И тут же, ощутив себя почти нестерпимо квалифицированным, я вытащил из-под кровати пишущую машинку Бобби «Гермес-Бэби» и настучал — по-французски — длинное избыточное письмо мсье Ёсёто, для чего пропустил все утренние занятия в художественной школе на Лексингтон-авеню. Вступительный мой абзац длился страницы три и едва ли не дымился. Я сообщил, что мне двадцать девять лет и я — внучатый племянник Оноре Домье.[95] Сообщил, что совсем недавно покинул свое небольшое поместье на Юге Франции после кончины моей супруги и приехал в Америку — не насовсем, как я несомненно дал понять, — с родственником-инвалидом. Пишу я с раннего детства, сообщал я, однако, следуя совету Пабло Пикассо — одного из стариннейших и ближайших друзей моих родителей, — никогда не выставлялся. Вместе с тем, ряд моих работ маслом и акварелей сейчас висит в лучших домах Парижа, никоим образом не nouveau riche,[96] где они gagne[97] значительное внимание от кое-каких наиболее видных критиков нашей эпохи. После, продолжал я, безвременной и трагической кончины моей супруги от ulceration cancereuse[98] я честно полагал, что более никогда не поднесу кисти к холсту. Однако недавние финансовые потери заставили меня пересмотреть мое искреннее resolution.[99] Я сообщил, что для меня будет большой честью предъявить образцы моих работ в «Les Amis Des Vieux Maitres», как только означенные образцы будут мне присланы моим агентом из Парижа, коему я, разумеется, напишу tres presse.[100] Засим я остался, с глубочайшим уважением, Jean de Daumier-Smith.
Псевдоним я выбирал почти столько же, сколько писал само послание.
Письмо я напечатал на декоративной кальке. Однако сунул в конверт «Рица». Затем, наклеив марку срочной доставки, которую нашел в верхнем ящике у Бобби, спустился в вестибюль к главному почтовому ящику.
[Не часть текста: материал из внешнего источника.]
(* Let $L\ge1$, $d\ge1$, $c\in(0,1]$, and let $\sigma(t)=\max(t,0)$ (ReLU). Consider the bias-free network $h^{(0)}(x)=x\in\mathbb{R}^d$, $z^{(l)}_i(x)=\frac{1}{\sqrt{n_{l-1}}}\sum_jW^{(l)}_{ij}h^{(l-1)}_j(x)$, $h^{(l)}_i=\sigma(z^{(l)}_i)$ ($l=1,\dots,L$, $n_0=d$), scalar output $f(x)=\frac{1}{\sqrt{n_L}}\sum_jW^{(L+1)}_{1j}h^{(L)}_j(x)$, with independent weights $W^{(l)}_{ij}\sim\mathcal{N}(0,\mathcal{W}^{(l)}(i/n_l,j/n_{l-1}))$ where every graphon is constant, $\mathcal{W}^{(l)}(u,v)=c$ for all $l$ and all $(u,v)\in[0,1]^2$. Then the infinite-width limiting neural tangent kernel $\Theta$ of this network satisfies $$\Theta(x,x')=c^{L}\,\Theta_{\mathrm{std}}(x,x'),$$ where $\Theta_{\mathrm{std}}$ is the infinite-width limiting neural tangent kernel of the same fully connected architecture with all weights i.i.d. $\mathcal{N}(0,1)$ (i.e. constant graphons equal to $1$).
   Context: The neural tangent kernel is $\Theta(x,x')=\nabla_\theta f(x)^\top\nabla_\theta f(x')$, the gradient taken with respect to all weights, and its infinite-width limit is taken as $n_1,\dots,n_L\to\infty$. A constant graphon models the infinite-width limit of masks produced by random pruning keeping each weight independently with probability $c$. *)

theory Defs
  imports "HOL-Probability.Probability"
begin

text \<open>Weights are indexed by triples (l, i, j): layer l in 1..L+1, row i in 1..n_l,
  column j in 1..n_(l-1). Neurons are indexed from 1.\<close>

definition relu :: "real \<Rightarrow> real" where
  "relu t = max t 0"

text \<open>Derivative of ReLU used in backpropagation (convention sigma'(0) = 0; the
  non-differentiability set has measure zero).\<close>
definition relu_deriv :: "real \<Rightarrow> real" where
  "relu_deriv t = (if t > 0 then 1 else 0)"

definition net_width :: "nat \<Rightarrow> nat \<Rightarrow> (nat \<Rightarrow> nat) \<Rightarrow> nat \<Rightarrow> nat" where
  "net_width d L ns l = (if l = 0 then d else if l \<le> L then ns l else 1)"

fun hid :: "(nat \<times> nat \<times> nat \<Rightarrow> real) \<Rightarrow> (nat \<Rightarrow> nat) \<Rightarrow> nat \<Rightarrow> (nat \<Rightarrow> real) \<Rightarrow> nat \<Rightarrow> real" where
  "hid W n 0 x = x"
| "hid W n (Suc l) x = (\<lambda>i. relu ((1 / sqrt (real (n l))) *
      (\<Sum>j=1..n l. W (Suc l, i, j) * hid W n l x j)))"

definition preact :: "(nat \<times> nat \<times> nat \<Rightarrow> real) \<Rightarrow> (nat \<Rightarrow> nat) \<Rightarrow> nat \<Rightarrow> (nat \<Rightarrow> real) \<Rightarrow> nat \<Rightarrow> real" where
  "preact W n l x i = (1 / sqrt (real (n (l - 1)))) *
      (\<Sum>j=1..n (l - 1). W (l, i, j) * hid W n (l - 1) x j)"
По дороге остановился и проинформировал почтового служащего (который, вне всякого сомнения, терпеть меня не мог), чтобы отныне доставлял мне почту на имя де Домье-Смита. Затем около половины третьего я пробрался на свое место в анатомическом классе художественной школы на 48-й улице, опоздав минут на сорок пять. Одноклассники мои впервые показались мне вполне приличной компашкой.
В следующие четыре дня за все свободное время, а также и за счет несвободного, я сотворил дюжину или чуть больше образцов того, что, по моему представлению, можно было счесть типичными образцами американского коммерческого искусства. Главным образом акварели, но время от времени, дабы выпендриться, я рисовал штрихом — людей в вечерних нарядах, что выходили из лимузинов на премьеры, поджарые, прямые, сверхшикарные пары, которые, очевидно, никогда в жизни никого не заставляли мучиться в результате недогляда за подмышками, пары, у которых вообще-то и подмышек, судя по всему, не имелось.
Когда с образцами было покончено, я тут же отправил их мсье Ёсёто — вместе с примерно полудюжиной некоммерческих полотен, которые привез из Франции. Кроме того, приложил записку — по-моему, весьма неформальную, — в которой излагалось лишь самое начало густожизненной истории того, как я, совсем один и страдая разнообразными хворями, в чистейшей романтической традиции, достиг холодных, белых и крайне сиротливых вершин своего ремесла.